Aim of the task: Reply only with how many lines in these entries hold the string "subst".

****************

lemma pinner_down_up_apply_commute: "pinner a (down_up_apply b) = pinner b (down_up_apply a)"
  unfolding pinner_down_up_apply by (simp add: mult.commute mult.left_commute)

lemma pinner_commute: "pinner a b = pinner b a"
  unfolding pinner_def by (simp add: mult.commute mult.left_commute)

lemma sum_sq_facets_eq:
  "(\<Sum>t\<in>Xd. \<Sum>v\<in>t. p t * (h t - c (t - {v}))\<^sup>2)
     = d * dirichlet h + (\<Sum>u\<in>faces Xd (d - 1). weight u * (cond_mean h u - c u)\<^sup>2)"
proof -
  have local: "(\<Sum>t\<in>Xd. if u \<subseteq> t then p t * (h t - c u)\<^sup>2 else 0)
      = (\<Sum>t\<in>Xd. if u \<subseteq> t then p t * (h t)\<^sup>2 else 0) - weight u * (cond_mean h u)\<^sup>2
        + weight u * (cond_mean h u - c u)\<^sup>2"
    if u: "u \<in> faces Xd (d - 1)" for u
  proof -
    have "(\<Sum>t\<in>Xd. if u \<subseteq> t then p t * (h t - c u)\<^sup>2 else 0)
      = (\<Sum>t\<in>Xd. if u \<subseteq> t then p t * (h t)\<^sup>2 else 0)
        - 2 * c u * (\<Sum>t\<in>Xd. if u \<subseteq> t then p t * h t else 0) + (c u)\<^sup>2 * weight u"
      unfolding weight_def sum_distrib_left sum_subtractf[symmetric] sum.distrib[symmetric]
      by (intro sum.cong) (auto simp: power2_eq_square algebra_simps)
    then show ?thesis
      unfolding sum_top_weighted[OF u] by (simp add: power2_eq_square algebra_simps)
  qed
  have squares: "(\<Sum>t\<in>Xd. \<Sum>v\<in>t. p t * (h t)\<^sup>2) = d * pinner h h"
    unfolding pinner_def sum_distrib_left using top_faces
    by (intro sum.cong) (auto simp: power2_eq_square)
  have means: "(\<Sum>u\<in>faces Xd (d - 1). weight u * (cond_mean h u)\<^sup>2) = d * pinner h (down_up_apply h)"
    unfolding pinner_down_up_apply using d_pos by (simp add: power2_eq_square mult.assoc)
  have "(\<Sum>t\<in>Xd. \<Sum>v\<in>t. p t * (h t - c (t - {v}))\<^sup>2)
      = (\<Sum>u\<in>faces Xd (d - 1). \<Sum>t\<in>Xd. if u \<subseteq> t then p t * (h t - c u)\<^sup>2 else 0)"
    by (rule sum_top_facets)
  moreover have "(\<Sum>t\<in>Xd. \<Sum>v\<in>t. p t * (h t)\<^sup>2)
      = (\<Sum>u\<in>faces Xd (d - 1). \<Sum>t\<in>Xd. if u \<subseteq> t then p t * (h t)\<^sup>2 else 0)"
    by (rule sum_top_facets)
  ultimately show ?thesis
    using squares means unfolding dirichlet_def
    by (simp add: local sum.distrib sum_subtractf right_diff_distrib)
qed

lemma dirichlet_le_sum_sq_facets:
  "d * dirichlet h \<le> (\<Sum>t\<in>Xd. \<Sum>v\<in>t. p t * (h t - c (t - {v}))\<^sup>2)"
  unfolding sum_sq_facets_eq using weight_nonneg by (simp add: sum_nonneg)

lemma dirichlet_nonneg: "dirichlet h \<ge> 0"
proof -
  have "d * dirichlet h = (\<Sum>t\<in>Xd. \<Sum>v\<in>t. p t * (h t - cond_mean h (t - {v}))\<^sup>2)"
    unfolding sum_sq_facets_eq by simp
  also have "\<dots> \<ge> 0"
    by (intro sum_nonneg mult_nonneg_nonneg p_nonneg) auto
  finally show ?thesis using d_pos by (simp add: zero_le_mult_iff)
qed

lemma pinner_cong:
  "(\<And>t. t \<in> Xd \<Longrightarrow> a t = a' t) \<Longrightarrow> (\<And>t. t \<in> Xd \<Longrightarrow> b t = b' t) \<Longrightarrow> pinner a b = pinner a' b'"
  unfolding pinner_def by simp

lemma down_up_apply_cong: "(\<And>t. t \<in> Xd \<Longrightarrow> f t = g t) \<Longrightarrow> down_up_apply f s = down_up_apply g s"
  unfolding down_up_apply_def by simp

lemma dirichlet_cong: "(\<And>t. t \<in> Xd \<Longrightarrow> f t = g t) \<Longrightarrow> dirichlet f = dirichlet g"
  unfolding dirichlet_def by (intro arg_cong2[where f = minus] pinner_cong down_up_apply_cong) auto

lemma pinner_linear_left: "pinner (\<lambda>t. a * f t + b * g t) h = a * pinner f h + b * pinner g h"
  unfolding pinner_def by (simp add: sum.distrib sum_distrib_left algebra_simps)

lemma pinner_linear_right: "pinner h (\<lambda>t. a * f t + b * g t) = a * pinner h f + b * pinner h g"
  unfolding pinner_def by (simp add: sum.distrib sum_distrib_left algebra_simps)

lemma down_up_apply_linear:
  "down_up_apply (\<lambda>t. a * f t + b * g t) s = a * down_up_apply f s + b * down_up_apply g s"
  unfolding down_up_apply_def by (simp add: sum.distrib sum_distrib_left algebra_simps)

lemma pinner_self_nonneg: "pinner h h \<ge> 0"
  unfolding pinner_def by (intro sum_nonneg) (simp add: mult.assoc p_nonneg)

lemma pinner_self_eq_0:
  assumes "pinner h h = 0" "t \<in> Xd"
  shows "h t = 0"
proof -
  have "\<forall>x\<in>Xd. p x * h x * h x = 0"
    using assms(1) finite_top unfolding pinner_def
    by (subst (asm) sum_nonneg_eq_0_iff) (auto simp: mult.assoc p_nonneg)
  then show ?thesis using assms(2) p_pos[OF assms(2)] by auto
qed

lemma pinner_scale: "pinner (\<lambda>t. c * a t) (\<lambda>t. c' * b t) = c * c' * pinner a b"
  unfolding pinner_def by (simp add: sum_distrib_left algebra_simps)

lemma dirichlet_scale: "dirichlet (\<lambda>t. c * h t) = c\<^sup>2 * dirichlet h"
  unfolding dirichlet_def pinner_def down_up_apply_linear[of c h 0 h, simplified]
  by (simp add: sum_distrib_left algebra_simps power2_eq_square sum_subtractf)

lemma dirichlet_add:
  "dirichlet (\<lambda>t. g t + \<tau> * h t)
     = dirichlet g + 2 * \<tau> * (pinner g h - pinner g (down_up_apply h)) + \<tau>\<^sup>2 * dirichlet h"
proof -
  have "down_up_apply (\<lambda>t. g t + \<tau> * h t) s = down_up_apply g s + \<tau> * down_up_apply h s" for s
    using down_up_apply_linear[of 1 g \<tau> h s] by simp
  then have "dirichlet (\<lambda>t. g t + \<tau> * h t)
      = pinner g g + \<tau> * pinner g h + \<tau> * pinner h g + \<tau>\<^sup>2 * pinner h h
        - (pinner g (down_up_apply g) + \<tau> * pinner g (down_up_apply h)
           + \<tau> * pinner h (down_up_apply g) + \<tau>\<^sup>2 * pinner h (down_up_apply h))"
    unfolding dirichlet_def pinner_def
    by (simp add: sum.distrib sum_distrib_left algebra_simps power2_eq_square)
  then show ?thesis
    unfolding dirichlet_def
    using pinner_commute[of h g] pinner_down_up_apply_commute[of h g] by (simp add: algebra_simps)
qed

text \<open>For a minimizer g of the Rayleigh quotient the quadratic
  \<tau> \<mapsto> dirichlet (g + \<tau> h) - dirichlet g * pinner (g + \<tau> h) (g + \<tau> h) is nonnegative,
  so its linear coefficient vanishes.\<close>

lemma dirichlet_first_variation:
  assumes g1: "pinner g (\<lambda>_. 1) = 0" and g2: "pinner g g = 1"
    and minimal: "\<And>h. pinner h (\<lambda>_. 1) = 0 \<Longrightarrow> dirichlet g * pinner h h \<le> dirichlet h"
    and h: "pinner h (\<lambda>_. 1) = 0"
  shows "pinner g (down_up_apply h) = (1 - dirichlet g) * pinner g h"
proof -
  define \<mu> where "\<mu> = dirichlet g"
  have "2 * \<tau> * (pinner g h - pinner g (down_up_apply h) - \<mu> * pinner g h)
      + \<tau>\<^sup>2 * (dirichlet h - \<mu> * pinner h h) \<ge> 0" for \<tau>
  proof -
    have lin_left: "pinner (\<lambda>t. g t + \<tau> * h t) a = pinner g a + \<tau> * pinner h a" for a
      using pinner_linear_left[of 1 g \<tau> h a] by simp
    have lin_right: "pinner a (\<lambda>t. g t + \<tau> * h t) = pinner a g + \<tau> * pinner a h" for a
      using pinner_linear_right[of a 1 g \<tau> h] by simp
    have "pinner (\<lambda>t. g t + \<tau> * h t) (\<lambda>_. 1) = 0"
      using g1 h by (simp add: lin_left)
    then have "\<mu> * pinner (\<lambda>t. g t + \<tau> * h t) (\<lambda>t. g t + \<tau> * h t) \<le> dirichlet (\<lambda>t. g t + \<tau> * h t)"
      unfolding \<mu>_def by (rule minimal)
    moreover have "pinner (\<lambda>t. g t + \<tau> * h t) (\<lambda>t. g t + \<tau> * h t) = 1 + 2 * \<tau> * pinner g h + \<tau>\<^sup>2 * pinner h h"
      using g2 pinner_commute[of h g] by (simp add: lin_left lin_right power2_eq_square algebra_simps)
    ultimately show ?thesis
      unfolding dirichlet_add \<mu>_def by (simp add: algebra_simps)
  qed
  then have "pinner g h - pinner g (down_up_apply h) - \<mu> * pinner g h = 0"
    by (rule quadratic_nonneg_linear_coeff_zero)
  then show ?thesis unfolding \<mu>_def by (simp add: algebra_simps)
qed

lemma dirichlet_minimizer_eigenfunction:
  assumes g1: "pinner g (\<lambda>_. 1) = 0" and g2: "pinner g g = 1"
    and minimal: "\<And>h. pinner h (\<lambda>_. 1) = 0 \<Longrightarrow> dirichlet g * pinner h h \<le> dirichlet h"
    and s: "s \<in> Xd"
  shows "down_up_apply g s = (1 - dirichlet g) * g s"
proof -
  define r where "r t = (1 - dirichlet g) * g t + (- 1) * down_up_apply g t" for t
  have r_inner: "pinner r a = (1 - dirichlet g) * pinner g a - pinner a (down_up_apply g)" for a
    unfolding r_def pinner_linear_left using pinner_commute[of "down_up_apply g" a] by simp
  have "pinner (\<lambda>_. 1) (down_up_apply g) = pinner g (down_up_apply (\<lambda>_. 1))"
    by (rule pinner_down_up_apply_commute)
  also have "\<dots> = pinner g (\<lambda>_. 1)"
    by (rule pinner_cong) (auto simp: down_up_apply_const)
  finally have "pinner r (\<lambda>_. 1) = 0"
    unfolding r_inner using g1 by simp
  then have "pinner g (down_up_apply r) = (1 - dirichlet g) * pinner g r"
    using dirichlet_first_variation[OF g1 g2 minimal] by blast
  then have "pinner r r = 0"
    unfolding r_inner[of r] pinner_down_up_apply_commute[of r g] by simp
  then have "r s = 0" using s by (rule pinner_self_eq_0)
  then show ?thesis unfolding r_def by simp
qed

text \<open>The box is implied by pinner h h = 1 (see abs_le_sqrt_pinner); together with PiE it makes this
  set compact in the product topology, and every centered unit function agrees on Xd with a member.\<close>

definition unit_centered :: "('v set \<Rightarrow> real) set" where
  "unit_centered = {h \<in> PiE Xd (\<lambda>s. {- sqrt (1 / p s) .. sqrt (1 / p s)}).
     pinner h (\<lambda>_. 1) = 0 \<and> pinner h h = 1}"

lemma abs_le_sqrt_pinner:
  assumes t: "t \<in> Xd"
  shows "\<bar>h t\<bar> \<le> sqrt (pinner h h / p t)"
proof -
  have "p t * h t * h t \<le> pinner h h"
    unfolding pinner_def using finite_top t by (intro member_le_sum) (auto simp: mult.assoc p_nonneg)
  then have "(h t)\<^sup>2 \<le> pinner h h / p t"
    using p_pos[OF t] by (simp add: field_simps power2_eq_square)
  then show ?thesis
    using real_sqrt_le_mono by fastforce
qed

lemma restrict_mem_unit_centered:
  assumes "pinner h (\<lambda>_. 1) = 0" "pinner h h = 1"
  shows "restrict h Xd \<in> unit_centered"
proof -
  have "pinner (restrict h Xd) a = pinner h a" "pinner (restrict h Xd) (restrict h Xd) = pinner h h" for a
    by (auto intro: pinner_cong)
  moreover have "h s \<in> {- sqrt (1 / p s) .. sqrt (1 / p s)}" if "s \<in> Xd" for s
    using abs_le_sqrt_pinner[OF that, of h] assms(2) by (simp add: abs_le_iff)
  ultimately show ?thesis
    unfolding unit_centered_def using assms by auto
qed

lemma compact_dirichlet_unit_centered: "compact (dirichlet ` unit_centered)"
proof -
  define X where "X = product_topology (\<lambda>_::'v set. euclideanreal) Xd"
  define B where "B s = {- sqrt (1 / p s) .. sqrt (1 / p s)}" for s
  have eval: "continuous_map X euclideanreal (\<lambda>h. h t)" if "t \<in> Xd" for t
    unfolding X_def using continuous_map_product_projection[of t Xd "\<lambda>_. euclideanreal"] that by simp
  have cont: "continuous_map X euclideanreal (\<lambda>h. pinner h (\<lambda>_. 1))"
    "continuous_map X euclideanreal (\<lambda>h. pinner h h)" "continuous_map X euclideanreal dirichlet"
    unfolding dirichlet_def[abs_def] pinner_def down_up_apply_def
    by (intro continuous_map_diff continuous_map_sum finite_top continuous_map_real_mult eval
        continuous_map_const[THEN iffD2]; simp)+
  have box: "compactin X (PiE Xd B)"
    unfolding X_def B_def by (subst compactin_PiE) auto
  moreover have "Hausdorff_space X"
    unfolding X_def by (simp add: Hausdorff_space_product_topology)
  ultimately have "closedin X (PiE Xd B)"
    by (simp add: compactin_imp_closedin)
  moreover have "closedin X {h \<in> topspace X. pinner h (\<lambda>_. 1) \<in> {0}}"
    by (rule closedin_continuous_map_preimage[OF cont(1)]) simp
  moreover have "closedin X {h \<in> topspace X. pinner h h \<in> {1}}"
    by (rule closedin_continuous_map_preimage[OF cont(2)]) simp
  moreover have "unit_centered
      = PiE Xd B \<inter> {h \<in> topspace X. pinner h (\<lambda>_. 1) \<in> {0}} \<inter> {h \<in> topspace X. pinner h h \<in> {1}}"
    unfolding unit_centered_def B_def X_def by (auto simp: PiE_def Pi_def)
  ultimately have "closedin X unit_centered"
    by (simp add: closedin_Int)
  moreover have "unit_centered \<subseteq> PiE Xd B"
    unfolding unit_centered_def B_def by auto
  ultimately have "compactin X unit_centered"
    using box closed_compactin by blast
  then show ?thesis
    using image_compactin cont(3) by (metis compactin_euclidean_iff)
qed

****************

Output: 2